Kanō Jigorō (嘉納 治五郎?, 28 October 1860 – 4 May 1938) was a Japanese educator and athlete, the founder of Judo. Judo was the first Japanese martial art to gain widespread international recognition, and the first to become an official Olympic sport.Pedagogical innovations attributed to Kanō include the use of black and white belts, and the introduction of dan ranking to show the relative ranking among members of a martial art style. Well-known mottoes attributed to Kanō include "Maximum Efficiency with Minimum Effort" （精力善用 Sei-ryoku Zen-you）and "Mutual Welfare and Benefit"（自他共栄 Ji-ta Kyou-ei）.
In his professional life, Kanō was an educator. Important postings included serving as director of primary education for the Ministry of Education (文部省 Monbushō?) from 1898 to 1901, and as president of Tokyo Higher Normal School from 1901 until 1920. He played a key role in making judo and kendo part of the Japanese public school programs of the 1910s.
Kanō was also a pioneer of international sports. Accomplishments included being the first Asian member of the International Olympic Committee (IOC) (he served from 1909 until 1938); officially representing Japan at most Olympic Games held between 1912 and 1936; and serving as a leading spokesman for Japan's bid for the 1940 Olympic Games.
His official honors and decorations included the First Order of Merit and Grand Order of the Rising Sun and the Third Imperial Degree. Kanō was inducted as the first member of the International Judo Federation (IJF) Hall of Fame on 14 May 1999.

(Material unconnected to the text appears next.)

(* Let $\{P^{[s,t]}_{ij,k}\}$, with initial point $x^{(0)}\in S$, be a discrete time quadratic stochastic process of type (A) or of type (B). Suppose there exist $k_0\in\mathbb{N}$ and a sequence $(\lambda_n)_{n\ge1}$ with $0<\lambda_n<1$, satisfying $\sum_n\lambda_n=\infty$ and $\sum_{j=1}^n\frac{\prod_{k=1}^n(1-\lambda_k)}{1-\lambda_j}\to0$ as $n\to\infty$, such that $P^{[n-1,n]}_{ij,k_0}\ge\lambda_n$ for all $i,j\in\mathbb{N}$ and all $n\ge1$. Then the q.s.p. satisfies the ergodic principle, i.e. $\lim_{n\to\infty}|P^{[m,n]}_{ij,k}-P^{[m,n]}_{uv,k}|=0$ for all $i,j,u,v,k,m$.
   Context: $\mathbb{N}=\{1,2,\dots\}$; times are nonnegative integers. $\ell^1$ is the space of real sequences $x=(x_n)_{n\in\mathbb{N}}$ with $\|x\|_1=\sum_n|x_n|<\infty$, and $S=\{x\in\ell^1:x_n\ge0,\ \|x\|_1=1\}$. A discrete time quadratic stochastic process (q.s.p.) consists of an initial point $x^{(0)}\in S$ and numbers $P^{[s,t]}_{ij,k}$ ($i,j,k\in\mathbb{N}$; $s,t$ nonnegative integers with $t-s\ge1$) such that for all $s,t$: (1) $P^{[s,t]}_{ij,k}=P^{[s,t]}_{ji,k}$; (2) $P^{[s,t]}_{ij,k}\ge0$ and $\sum_{k}P^{[s,t]}_{ij,k}=1$; and (3) one of the following holds for all $s<r<t$: type (A): $P^{[s,t]}_{ij,k}=\sum_{m,l}P^{[s,r]}_{ij,m}P^{[r,t]}_{ml,k}x^{(r)}_l$; type (B): $P^{[s,t]}_{ij,k}=\sum_{m,l,g,h}P^{[s,r]}_{im,l}P^{[s,r]}_{jg,h}P^{[r,t]}_{lh,k}x^{(s)}_mx^{(s)}_g$. Here for $r\ge1$, $x^{(r)}_k=\sum_{i,j}P^{[0,r]}_{ij,k}x^{(0)}_ix^{(0)}_j$. *)

theory Defs
  imports "HOL-Analysis.Analysis"
begin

During the early 1880s, there was no clear separation between the jūjutsu that Kanō was teaching and the jūjutsu that his teachers had taught in the past. Kanō's Kitō-ryū teacher, Iikubo Tsunetoshi, came to Kanō's classes two or three times a week to support Kanō's teaching. Eventually student and master began to exchange places, and Kanō began to defeat Iikubo during randori:
“Usually it had been him that threw me. Now, instead of being thrown, I was throwing him with increasing regularity. I could do this despite the fact that he was of the Kito-ryu school and was especially adept at throwing techniques. This apparently surprised him, and he was quite upset over it for quite a while. What I had done was quite unusual. But it was the result of my study of how to break the posture of the opponent. It was true that I had been studying the problem for quite some time, together with that of reading the opponent's motion. But it was here that I first tried to apply thoroughly the principle of breaking the opponent's posture before moving in for the throw...
I told Mr. Iikubo about this, explaining that the throw should be applied after one has broken the opponent's posture. Then he said to me: "This is right. I am afraid I have nothing more to teach you."Soon afterward, I was initiated in the mystery of Kito-ryu jiujitsu and received all his books and manuscripts of the school.